*** Supplied data
(* Let $n\geq3$ and let $S_n$ act on $V=\mathbb{C}^n$ by its natural permutation representation. The pre-Drinfeld orbifold algebra maps for this action are exactly the linear $2$-cochains $\kappa^L=\kappa^L_1+\kappa^L_{\mathrm{tri}}$, where $\kappa^L_{\mathrm{tri}}$ is as defined below for some $a,b\in\mathbb{C}$ and $\kappa^L_1$ is supported on the identity with $\kappa^L_1(e_i,e_j)=a_1(e_i-e_j)$ for some $a_1\in\mathbb{C}$.
   Context: $S_n$ acts by $\sigma e_i=e_{\sigma(i)}$; $V^g$ is the fixed space of $g$; $\mathrm{Alt}_3$ is the set of cyclic permutations of $\{1,2,3\}$. A linear $2$-cochain is $\alpha=\sum_g\alpha_gg$ with $\alpha_g:\bigwedge^2V\to V$ linear; it is $S_n$-invariant if $h(\alpha_g(v,w))=\alpha_{hgh^{-1}}(hv,hw)$. A pre-Drinfeld orbifold algebra map is an $S_n$-invariant linear 2-cochain $\kappa^L$ with $\operatorname{im}\kappa^L_g\subseteq V^g$ for all $g$ and $\sum_{\sigma\in\mathrm{Alt}_3}\kappa^L_g(v_{\sigma(2)},v_{\sigma(3)})(gv_{\sigma(1)}-v_{\sigma(1)})=0$ in $S(V)$ for all $g,v_1,v_2,v_3$. $\kappa^L_{\mathrm{tri}}$ is the linear 2-cochain supported on 3-cycles with, for each 3-cycle $(ijk)$, $\kappa^L_{(ijk)}(e_i,e_j)=\kappa^L_{(ijk)}(e_j,e_k)=\kappa^L_{(ijk)}(e_k,e_i)=a(e_i+e_j+e_k)+b\sum_{l\notin\{i,j,k\}}e_l$ and $\kappa^L_{(ijk)}(e_l,e_m)=0$ whenever $e_l$ or $e_m$ lies in $V^{(ijk)}$. *)

theory Defs
  imports "HOL-Analysis.Analysis"
begin
theorem theorem5p1:
  fixes A :: "'m::finite \<Rightarrow> real^'n::finite^'n"
    and b :: "real^'m" and C :: "real^'n^'n"
    and sigma_min sigma_max :: real
    and eps tau sigma :: "nat \<Rightarrow> real"
    and p :: "nat \<Rightarrow> nat"
    and Y :: "nat \<Rightarrow> nat \<Rightarrow> real^'n"
    and S X Xt :: "nat \<Rightarrow> real^'n^'n"
    and y :: "nat \<Rightarrow> real^'m" and z :: "nat \<Rightarrow> real^'n"
    and Sh Xh :: "real^'n^'n" and yh :: "real^'m" and zh :: "real^'n"
  assumes symA: "\<And>i. symm (A i)"
    and inv: "invertible (AAt A)"
    and symC: "symm C"
    and KKT_exists: "\<exists>S0 y0 X0 z0. is_KKT A b C S0 y0 X0 z0"
    and sig: "0 < sigma_min" "sigma_min < sigma_max"
    and eps_pos: "\<And>k. 0 < eps k" and eps_sum: "summable eps"
    and tau_pos: "\<And>k. 0 < tau k" and tau_sum: "summable tau"
    and y0: "y 0 = 0" and Xt0: "Xt 0 = 0"
    and sigk: "\<And>k. sigma_min \<le> sigma k \<and> sigma k \<le> sigma_max"
    and ppos: "\<And>k. 0 < p (Suc k)"
    and rows: "\<And>k i. (\<Sum>j<p (Suc k). (Y (Suc k) j $ i)^2) = 1"
    and Sdef: "\<And>k. S (Suc k) = (\<chi> i l. \<Sum>j<p (Suc k). Y (Suc k) j $ i * Y (Suc k) j $ l)"
    and ydef: "\<And>k. y (Suc k) = matrix_inv (AAt A) *v Aop A (S (Suc k) + C)"
    and Xtdef: "\<And>k. Xt (Suc k) = Xt k - sigma k *\<^sub>R (Aadj A (y (Suc k)) - S (Suc k) - C)"
    and zdef: "\<And>k. z (Suc k) = diagv ((Xt (Suc k) + Aadj A (matrix_inv (AAt A) *v b)) ** S (Suc k))"
    and Xdef: "\<And>k. X (Suc k) = Xt (Suc k) + Aadj A (matrix_inv (AAt A) *v b) - Diagm (z (Suc k))"
    and stop1: "\<And>k. sqrt (\<Sum>j<p (Suc k). (norm (X (Suc k) *v Y (Suc k) j))^2) \<le> eps k"
    and stop2: "\<And>k. lambda_min (X (Suc k)) \<ge> - tau k"
    and limpt: "\<exists>r. strict_mono r \<and> (\<forall>j. 1 \<le> r j) \<and>
        ((\<lambda>j. (S (r j), y (r j), X (r j), z (r j))) \<longlongrightarrow> (Sh, yh, Xh, zh)) sequentially"
  shows "is_KKT A b C Sh yh Xh zh"
proof -
  obtain S' y' X' z' where KKT: "is_KKT A b C S' y' X' z'" using KKT_exists by blast
  define D where "D = Aadj A (matrix_inv (AAt A) *v b)"
  define res where "res = (\<lambda>k. S (Suc k) + C - Aadj A (y (Suc k)))"
  have Xt_step: "Xt (Suc k) = Xt k + sigma k *\<^sub>R res k" for k
    using Xtdef[of k] by (simp add: res_def algebra_simps)
  have "Aop A (res k) = 0" for k
    using ydef[of k] by (simp add: res_def Aop_add Aop_diff Aop_Aadj_matrix_inv[OF inv])
  then have Aop_Xt: "Aop A (Xt k) = 0" for k
    by (induction k) (simp_all add: Xt0 Aop_0 Xt_step Aop_add Aop_scaleR)
  have S_eq: "S (Suc k) = (\<Sum>j<p (Suc k). outer (Y (Suc k) j))" for k
    by (simp add: Sdef gram_eq_sum_outer)
  have symm_S: "symm (S (Suc k))" for k
    using psd_sum_outer unfolding S_eq psd_def by blast
  have symm_Xt: "symm (Xt k)" for k
    by (induction k) (simp_all add: Xt0 symm_0 Xt_step res_def symm_add symm_diff symm_scaleR
        symm_Aadj symA symC symm_S)
  have symm_D: "symm D" by (simp add: D_def symm_Aadj symA)
  have X_eq: "X (Suc k) = (Xt (Suc k) + D) - Diagm (diagv ((Xt (Suc k) + D) ** S (Suc k)))" for k
    by (simp add: Xdef zdef D_def)
  have iterate: "psd (S (Suc k))" "diagv (S (Suc k)) = (\<chi> i. 1)" "X (Suc k) \<bullet> S (Suc k) = 0"
      "psd (X (Suc k) + tau k *\<^sub>R mat 1)" for k
    using approx_KKT_iterate[OF S_eq X_eq rows symm_add[OF symm_Xt symm_D] stop2] by simp_all
  have feas: "Aop A (X (Suc k) + Diagm (z (Suc k))) = b" for k
    using Aop_Xt[of "Suc k"] by (simp add: Xdef Aop_add D_def Aop_Aadj_matrix_inv[OF inv])
  \<comment> \<open>the multiplier \<open>Xt\<close> that corresponds to the KKT point\<close>
  define W where "W = X' + Diagm z' - D"
  have gap: "(Xt (Suc k) - W) \<bullet> res k \<le> tau k * CARD('n)" for k
  proof -
    have "Xt (Suc k) - W = X (Suc k) + Diagm (z (Suc k)) - (X' + Diagm z')"
      by (simp add: W_def Xdef D_def)
    then show ?thesis using KKT_gap_bound[OF KKT iterate feas] by (simp add: res_def)
  qed
  have "res \<longlonglongrightarrow> 0"
    using tau_pos tau_sum
    by (intro residual_tendsto_0_if_quasi_fejer[where U = Xt, OF Xt_step gap sig(1) sigk])
       (auto intro: less_imp_le summable_mult2)
  moreover obtain r where "strict_mono r" "\<And>j. 1 \<le> r j"
    and "((\<lambda>j. (S (r j), y (r j), X (r j), z (r j))) \<longlongrightarrow> (Sh, yh, Xh, zh)) sequentially"
    using limpt by blast
  ultimately show ?thesis
    using summable_LIMSEQ_zero[OF tau_sum] iterate feas
    by (intro is_KKT_of_limit_point[where t = tau]) (simp_all add: res_def)
qed

end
******
Restate precisely, and with nothing added, the lines from the one with "using limpt by blast" through the final line of the material.

    using limpt by blast
  ultimately show ?thesis
    using summable_LIMSEQ_zero[OF tau_sum] iterate feas
    by (intro is_KKT_of_limit_point[where t = tau]) (simp_all add: res_def)
qed

end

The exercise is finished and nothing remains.